### Exercise aim
Please return every line in the entries below with the word "dots" in it.

Stored items
• • • •
lemma sum_leaving_ratio_le:
  "(\<Sum>p\<in>internal_arcs. leaving_ratio (fst p) (snd p)) \<le> (card I - 1) * (4/5 + eps)"
proof -
  let ?h = "\<lambda>p. leaving_ratio (fst p) (snd p)"
  have swap: "(snd p, fst p) \<in> internal_arcs" if "p \<in> internal_arcs" for p
    using that E_commute unfolding internal_arcs_def by (cases p) auto
  then have "(\<lambda>p. (snd p, fst p)) ` internal_arcs = internal_arcs"
    by (auto intro!: image_eqI[where x = "(b, a)" for a b])
  then have "bij_betw (\<lambda>p. (snd p, fst p)) internal_arcs internal_arcs"
    unfolding bij_betw_def by (auto simp: inj_on_def prod_eq_iff)
  then have "(\<Sum>p\<in>internal_arcs. ?h (snd p, fst p)) = (\<Sum>p\<in>internal_arcs. ?h p)"
    by (rule sum.reindex_bij_betw)
  then have "2 * (\<Sum>p\<in>internal_arcs. ?h p) = (\<Sum>p\<in>internal_arcs. ?h p + ?h (snd p, fst p))"
    by (simp add: sum.distrib)
  also have "\<dots> \<le> (\<Sum>p\<in>internal_arcs. 4/5 + eps)" using leaving_ratio_add_le by (intro sum_mono) auto
  also have "\<dots> = 2 * ((card I - 1) * (4/5 + eps))"
    using card_internal_arcs one_le_card_internal by (simp add: of_nat_diff)
  finally show ?thesis by linarith
qed

lemma branch_weight_mult_n_leaving_le:
  assumes "p \<in> internal_arcs"
  shows "real (branch_weight (fst p) (snd p) * n_leaving (fst p) (snd p))
    \<le> N * leaving_ratio (fst p) (snd p)"
proof -
  obtain a b where ab: "p = (a, b)" "a \<in> I" "b \<in> I" "(a, b) \<in> E"
    using assms unfolding internal_arcs_def by auto
  have "real (n_leaving a b * (1 + 2 ^ card (branch_leaves a b))) \<le> N"
    using n_leaving_mult_le[OF ab(2-4)] by (simp only: of_nat_le_iff)
  then have "real (n_leaving a b) * (1 + 2 ^ card (branch_leaves a b)) \<le> N"
    by (simp add: distrib_left)
  then have "real (n_leaving a b) \<le> N / (1 + 2 ^ card (branch_leaves a b))"
    by (simp add: pos_le_divide_eq add_pos_nonneg)
  then have "real (branch_weight a b) * real (n_leaving a b)
      \<le> real (branch_weight a b) * (N / (1 + 2 ^ card (branch_leaves a b)))"
    by (intro mult_left_mono) auto
  then show ?thesis unfolding ab(1) leaving_ratio_def by (simp add: mult.commute)
qed

lemma sum_missing_weight_le_real:
  "(\<Sum>S\<in>subtrees G. missing_weight S) \<le> N * card V * eps + N * ((card I - 1) * (4/5 + eps))"
proof -
  have "card Lf * (2 * card I + card Lf) \<le> N * card V * eps"
  proof -
    have "card Lf * (2 * card I + card Lf) \<le> card Lf * (2 * card V)" using card_V_eq by simp
    then have "real (card Lf * (2 * card I + card Lf)) \<le> real (card Lf * (2 * card V))"
      by (simp only: of_nat_le_iff)
    also have "\<dots> = real (card Lf) * (2 * real (card V))" by simp
    also have "\<dots> \<le> real (card V) * N / 2 powr (card V / 4) * (2 * real (card V))"
    proof (rule mult_right_mono)
      have "real (card Lf) * 2 powr (card V / 4) \<le> real (card V) * N"
        using two_powr_le_N card_V_eq by (intro mult_mono) auto
      then show "real (card Lf) \<le> real (card V) * N / 2 powr (card V / 4)"
        by (simp add: le_divide_eq)
    qed simp
    also have "\<dots> = N * card V * eps" unfolding density_error_def by simp
    finally show ?thesis .
  qed
  moreover have "(\<Sum>p\<in>internal_arcs. branch_weight (fst p) (snd p) * n_leaving (fst p) (snd p))
      \<le> N * ((card I - 1) * (4/5 + eps))"
  proof -
    have "real (\<Sum>p\<in>internal_arcs. branch_weight (fst p) (snd p) * n_leaving (fst p) (snd p))
        \<le> (\<Sum>p\<in>internal_arcs. N * leaving_ratio (fst p) (snd p))"
      unfolding of_nat_sum by (intro sum_mono branch_weight_mult_n_leaving_le)
    also have "\<dots> \<le> N * ((card I - 1) * (4/5 + eps))"
      unfolding sum_distrib_left[symmetric] using sum_leaving_ratio_le
      by (intro mult_left_mono) auto
    finally show ?thesis .
  qed
  ultimately show ?thesis using sum_missing_weight_le by (smt (verit) of_nat_add of_nat_le_iff)
qed

lemma two_sum_card_subtrees_ge:
  "N * (card V + card I / 5 - 2 * card V * eps) \<le> 2 * (\<Sum>S\<in>subtrees G. card S)"
proof -
  have "(\<Sum>u\<in>I. weight u * n_containing u) + (\<Sum>u\<in>I. weight u * n_avoiding u) = (\<Sum>u\<in>I. weight u * N)"
    unfolding sum.distrib[symmetric] distrib_left[symmetric] n_containing_add_n_avoiding ..
  also have "\<dots> = N * (2 * card I + card Lf)"
    unfolding sum_distrib_right[symmetric] sum_weight_internal by simp
  finally have main:
    "N * (2 * card I + card Lf) - N * card V * eps - N * ((card I - 1) * (4/5 + eps))
      \<le> 2 * (\<Sum>S\<in>subtrees G. card S)"
    using sum_weight_n_containing_le sum_missing_weight_le_real sum_weight_n_avoiding
    by (smt (verit) of_nat_add of_nat_le_iff of_nat_mult)
  have "real (card I - 1) * eps \<le> card V * eps"
    using card_V_eq by (intro mult_right_mono density_error_nonneg) auto
  moreover have "real (card I - 1) * (4/5 + eps) = 4/5 * card I - 4/5 + real (card I - 1) * eps"
    using one_le_card_internal by (simp add: of_nat_diff field_simps)
  moreover have "2 * card V * eps = 2 * (card V * eps)" by simp
  moreover have "real (2 * card I + card Lf) = 2 * card I + card Lf" by simp
  moreover have "real (card V) = card I + card Lf" using card_V_eq by simp
  ultimately have "card V + card I / 5 - 2 * card V * eps
      \<le> real (2 * card I + card Lf) - card V * eps - (card I - 1) * (4/5 + eps)"
    by linarith
  then have "N * (card V + card I / 5 - 2 * card V * eps)
      \<le> N * (real (2 * card I + card Lf) - card V * eps - (card I - 1) * (4/5 + eps))"
    by (rule mult_left_mono) simp
  then show ?thesis using main by (simp add: algebra_simps)
qed

lemma avg_subtree_density_ge: "1/2 + 1/10 * (card I / card V) - eps \<le> avg_subtree_density G"
proof -
  have "1/2 + 1/10 * (card I / card V) - eps
      = N * (card V + card I / 5 - 2 * card V * eps) / (N * (2 * card V))"
    using N_pos card_V_pos by (simp add: field_simps)
  also have "\<dots> \<le> 2 * real (\<Sum>S\<in>subtrees G. card S) / (N * (2 * card V))"
    using two_sum_card_subtrees_ge N_pos card_V_pos by (intro divide_right_mono) auto
  also have "\<dots> = avg_subtree_density G"
    unfolding avg_subtree_density_eq using N_pos card_V_pos by (simp add: field_simps)
  finally show ?thesis .
qed

end

lemma graph_iso_if_relabellings_eq:
  assumes f: "bij_betw f (verts G) A" and h: "bij_betw h (verts H) A"
    and "is_graph G" "is_graph H"
    and eq: "map_prod f f ` edges G = map_prod h h ` edges H"
  shows "graph_iso G H"
proof -
  have EG: "edges G \<subseteq> verts G \<times> verts G" and EH: "edges H \<subseteq> verts H \<times> verts H"
    using assms(3,4) unfolding is_graph_def by auto
  define g where "g = inv_into (verts H) h \<circ> f"
  have g: "bij_betw g (verts G) (verts H)"
    unfolding g_def by (rule bij_betw_trans[OF f bij_betw_inv_into[OF h]])
  have hg: "h (g x) = f x" if "x \<in> verts G" for x
  proof -
    have "f x \<in> h ` verts H" using that f h by (auto simp: bij_betw_def)
    then show ?thesis unfolding g_def by (simp add: f_inv_into_f)
  qed
  have "(x, y) \<in> edges G \<longleftrightarrow> (g x, g y) \<in> edges H" if "x \<in> verts G" "y \<in> verts G" for x y
  proof -
    have gxy: "g x \<in> verts H" "g y \<in> verts H" using g that by (auto dest: bij_betw_apply)
    have "(x, y) \<in> edges G \<longleftrightarrow> map_prod f f (x, y) \<in> map_prod f f ` edges G"
      using f that EG
      by (intro inj_on_image_mem_iff[symmetric]) (auto simp: bij_betw_def intro: map_prod_inj_on)
    also have "\<dots> \<longleftrightarrow> map_prod h h (g x, g y) \<in> map_prod h h ` edges H" using eq hg that by simp
    also have "\<dots> \<longleftrightarrow> (g x, g y) \<in> edges H"
      using h gxy EH
      by (intro inj_on_image_mem_iff) (auto simp: bij_betw_def intro: map_prod_inj_on)
    finally show ?thesis .
  qed
  then show ?thesis unfolding graph_iso_def using g by blast
qed

text \<open>By pigeonhole: relabelled onto \<open>{0..<m}\<close>, infinitely many graphs of order \<open>m\<close> would give
  two with the same edge set.\<close>

lemma finite_card_verts_eq:
  fixes T :: "nat \<Rightarrow> graph"
  assumes graph: "\<And>i. is_graph (T i)"
    and non_iso: "\<And>i j. i \<noteq> j \<Longrightarrow> \<not> graph_iso (T i) (T j)"
  shows "finite {i. card (verts (T i)) = m}"
proof (rule ccontr)
  define J where "J = {i. card (verts (T i)) = m}"
  assume "infinite {i. card (verts (T i)) = m}"
  then have "infinite J" unfolding J_def .
  have "\<forall>i. \<exists>h. bij_betw h (verts (T i)) {0..<card (verts (T i))}"
    using graph by (simp add: ex_bij_betw_finite_nat is_graph_def)
  then obtain h where h: "\<And>i. bij_betw (h i) (verts (T i)) {0..<card (verts (T i))}"
    by (auto dest!: choice)
  define C where "C i = map_prod (h i) (h i) ` edges (T i)" for i
  have "C i \<in> Pow ({0..<m} \<times> {0..<m})" if "i \<in> J" for i
  proof -
    have "edges (T i) \<subseteq> verts (T i) \<times> verts (T i)" using graph[of i] unfolding is_graph_def by simp
    then show ?thesis using that h[of i] unfolding C_def J_def bij_betw_def by auto
  qed
  then have "finite (C ` J)"
    by (meson finite_Pow_iff finite_SigmaI finite_atLeastLessThan finite_subset image_subsetI)
  then have "\<not> inj_on C J" using \<open>infinite J\<close> finite_imageD by blast
  then obtain i j where ij: "i \<in> J" "j \<in> J" "i \<noteq> j" "C i = C j" unfolding inj_on_def by blast
  have "graph_iso (T i) (T j)"
  proof (rule graph_iso_if_relabellings_eq[OF h[of i] _ graph graph])
    show "bij_betw (h j) (verts (T j)) {0..<card (verts (T i))}"
      using h[of j] ij(1,2) unfolding J_def by simp
    show "map_prod (h i) (h i) ` edges (T i) = map_prod (h j) (h j) ` edges (T j)"
      using ij(4) unfolding C_def .
  qed
  then show False using non_iso ij(3) by blast
qed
• • • •
### Expected answer
  also have "\<dots> \<le> (\<Sum>p\<in>internal_arcs. 4/5 + eps)" using leaving_ratio_add_le by (intro sum_mono) auto
  also have "\<dots> = 2 * ((card I - 1) * (4/5 + eps))"
    also have "\<dots> = real (card Lf) * (2 * real (card V))" by simp
    also have "\<dots> \<le> real (card V) * N / 2 powr (card V / 4) * (2 * real (card V))"
    also have "\<dots> = N * card V * eps" unfolding density_error_def by simp
    also have "\<dots> \<le> N * ((card I - 1) * (4/5 + eps))"
  also have "\<dots> = N * (2 * card I + card Lf)"
  also have "\<dots> \<le> 2 * real (\<Sum>S\<in>subtrees G. card S) / (N * (2 * card V))"
  also have "\<dots> = avg_subtree_density G"
    also have "\<dots> \<longleftrightarrow> map_prod h h (g x, g y) \<in> map_prod h h ` edges H" using eq hg that by simp
    also have "\<dots> \<longleftrightarrow> (g x, g y) \<in> edges H"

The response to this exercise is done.